Could you print, exactly as they stand, the lines from the one holding "theory Defs" to the end of the data below, and nothing more?

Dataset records
○ ○ ○ ○ ○ ○ ○
(* Assume that $\mathcal{G}_{\log}\neq\emptyset$, that $\mathcal{X}\cap\Omega_{\log}$ is compact, and that the initial point $\mathbf{x}_0\in\mathcal{X}$ satisfies $g_\ell(\mathbf{x}_0)<0$ for all $\ell\in\mathcal{G}_{\log}$. Let $\{\mathbf{x}_k\}$ be the sequence of iterates generated by Algorithm LOG-DS, and assume that the sets of poll directions $\{\mathcal{D}_k\}$ satisfy the Poll Direction Assumption. Let $\mathcal{K}_\rho=\{k\in\mathbb{N}\mid\rho_{k+1}<\rho_k\}$. Then every limit point $\mathbf{x}^*$ of the subsequence $\{\mathbf{x}_k\}_{k\in\mathcal{K}_\rho}$ that satisfies the MFCQ is a stationary point of Problem (P).
   Context: Problem (P): minimize $f(\mathbf{x})$ subject to $g_\ell(\mathbf{x})\le 0$ ($\ell=1,\dots,m$), $h_j(\mathbf{x})=0$ ($j=1,\dots,p$), $\mathbf{x}\in\mathcal{X}$, where $\mathcal{X}=\{\mathbf{x}\in\mathbb{R}^n\mid \mathbf{A}\mathbf{x}\le\mathbf{b}\}$ with $\mathbf{A}\in\mathbb{R}^{q\times n}$ (rows $\mathbf{a}_i^\top$), $\mathbf{b}\in\mathbb{R}^q$, and $f,g_\ell,h_j$ are real-valued and continuously differentiable on an open set containing $\mathcal{X}$. Feasible set $\mathcal{F}=\{\mathbf{x}\in\mathcal{X}\mid g_\ell(\mathbf{x})\le0\ \forall\ell,\ h_j(\mathbf{x})=0\ \forall j\}$. Given an initial point $\mathbf{x}_0$, set $\mathcal{G}_{\log}=\{\ell\in\{1,\dots,m\}\mid g_\ell(\mathbf{x}_0)<0\}$, $\mathcal{G}_{\rm ext}=\{\ell\in\{1,\dots,m\}\mid g_\ell(\mathbf{x}_0)\ge 0\}$, and $\Omega_{\log}=\{\mathbf{x}\in\mathbb{R}^n\mid g_\ell(\mathbf{x})\le 0,\ \ell\in\mathcal{G}_{\log}\}$. For $\rho>0$ and $\nu\in(1,2]$ the merit function is $$Z(\mathbf{x};\rho)=f(\mathbf{x})-\rho\sum_{\ell\in\mathcal{G}_{\log}}\log(-g_\ell(\mathbf{x}))+\frac{1}{\rho^{\nu-1}}\sum_{\ell\in\mathcal{G}_{\rm ext}}(\max\{g_\ell(\mathbf{x}),0\})^\nu+\frac{1}{\rho^{\nu-1}}\sum_{j=1}^p|h_j(\mathbf{x})|^\nu$$ if $\mathbf{x}\in\mathcal{X}$ and $g_\ell(\mathbf{x})<0$ for all $\ell\in\mathcal{G}_{\log}$, and $Z(\mathbf{x};\rho)=+\infty$ otherwise. A forcing function is a continuous nondecreasing $\xi:[0,+\infty)\to[0,+\infty)$ with $\xi(t)/t\to0$ as $t\downarrow0$ and such that $\xi(t_k)\to0$ implies $t_k\to0$. Algorithm LOG-DS. Data: $\mathbf{x}_0\in\mathcal{X}$ with $g_\ell(\mathbf{x}_0)<0$ for $\ell\in\mathcal{G}_{\log}$; a collection $\mathcal{D}$ of finite sets of unit vectors in $\mathbb{R}^n$; $\alpha_0>0$; $\rho_0>0$; $\nu\in(1,2]$; $\theta_\alpha,\theta_\rho\in(0,1)$; $\phi\ge1$; $\beta>1$; a forcing function $\xi$. At each iteration $k=0,1,2,\dots$: (Search, optional) if some $\mathbf{z}_k\in\mathcal{X}$ with $Z(\mathbf{z}_k;\rho_k)\le Z(\mathbf{x}_k;\rho_k)-\xi(\alpha_k)$ is found, set $\mathbf{x}_{k+1}=\mathbf{z}_k$, $\alpha_{k+1}=\phi\alpha_k$, $\rho_{k+1}=\rho_k$ (successful iteration) and go to iteration $k+1$. Otherwise (Poll) select $\mathcal{D}_k\in\mathcal{D}$; if some $\mathbf{d}\in\mathcal{D}_k$ satisfies $\mathbf{x}_k+\alpha_k\mathbf{d}\in\mathcal{X}$ and $Z(\mathbf{x}_k+\alpha_k\mathbf{d};\rho_k)\le Z(\mathbf{x}_k;\rho_k)-\xi(\alpha_k)$, set $\mathbf{x}_{k+1}=\mathbf{x}_k+\alpha_k\mathbf{d}$, $\alpha_{k+1}=\phi\alpha_k$, $\rho_{k+1}=\rho_k$ (successful iteration). Otherwise the iteration is unsuccessful: set $\mathbf{x}_{k+1}=\mathbf{x}_k$, $\alpha_{k+1}=\theta_\alpha\alpha_k$, and (Penalty-barrier update) with $(g_{\min})_k=\min_{\ell\in\mathcal{G}_{\log}}|g_\ell(\mathbf{x}_k)|$, set $\rho_{k+1}=\theta_\rho\rho_k$ if $\alpha_{k+1}\le\min\{\rho_k^\beta,(g_{\min})_k^2\}$, and $\rho_{k+1}=\rho_k$ otherwise. Active sets and cones: for $\mathbf{x}\in\mathcal{X}$, $\mathcal{I}_\mathcal{X}(\mathbf{x})=\{i\mid \mathbf{a}_i^\top\mathbf{x}=b_i\}$ and $\mathcal{T}_\mathcal{X}(\mathbf{x})=\{\mathbf{d}\mid\mathbf{a}_i^\top\mathbf{d}\le0,\ i\in\mathcal{I}_\mathcal{X}(\mathbf{x})\}$; for $\varepsilon>0$, $\mathcal{I}_\mathcal{X}(\mathbf{x},\varepsilon)=\{i\mid\mathbf{a}_i^\top\mathbf{x}\ge b_i-\varepsilon\}$ and $\mathcal{T}_\mathcal{X}(\mathbf{x},\varepsilon)=\{\mathbf{d}\mid\mathbf{a}_i^\top\mathbf{d}\le0,\ i\in\mathcal{I}_\mathcal{X}(\mathbf{x},\varepsilon)\}$. Poll Direction Assumption: each $\mathcal{D}_k$ consists of vectors of Euclidean norm $1$; there is $\bar\varepsilon>0$ such that for every $k$ and every $\varepsilon\in(0,\bar\varepsilon]$, $\operatorname{cone}(\mathcal{D}_k\cap\mathcal{T}_\mathcal{X}(\mathbf{x}_k,\varepsilon))=\mathcal{T}_\mathcal{X}(\mathbf{x}_k,\varepsilon)$ (cone = set of nonnegative linear combinations); and $\bigcup_k\mathcal{D}_k$ is a finite set. MFCQ at $\mathbf{x}\in\mathcal{X}$: (a) there is no nonzero $(\alpha_1,\dots,\alpha_p)$ with $(\sum_{i=1}^p\alpha_i\nabla h_i(\mathbf{x}))^\top\mathbf{d}\ge0$ for all $\mathbf{d}\in\mathcal{T}_\mathcal{X}(\mathbf{x})$; and (b) there exists $\mathbf{d}\in\mathcal{T}_\mathcal{X}(\mathbf{x})$ with $\nabla g_\ell(\mathbf{x})^\top\mathbf{d}<0$ for all $\ell\in\mathcal{I}_+(\mathbf{x})=\{\ell\mid g_\ell(\mathbf{x})\ge0\}$ and $\nabla h_j(\mathbf{x})^\top\mathbf{d}=0$ for all $j=1,\dots,p$. Stationary point: $\mathbf{x}^*\in\mathcal{F}$ for which there exist $\lambda^*\in\mathbb{R}^m$, $\mu^*\in\mathbb{R}^p$ with $\nabla_xL(\mathbf{x}^*,\lambda^*,\mu^* )^\top(\mathbf{x}-\mathbf{x}^* )\ge0$ for all $\mathbf{x}\in\mathcal{X}$, $(\lambda^* )^\top g(\mathbf{x}^* )=0$ and $\lambda^*\ge0$, where $L(\mathbf{x},\lambda,\mu)=f(\mathbf{x})+\lambda^\top g(\mathbf{x})+\mu^\top h(\mathbf{x})$. *)

theory Defs
  imports "HOL-Analysis.Analysis"
begin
○ ○ ○ ○ ○ ○ ○
### Problem solution
theory Defs
  imports "HOL-Analysis.Analysis"
begin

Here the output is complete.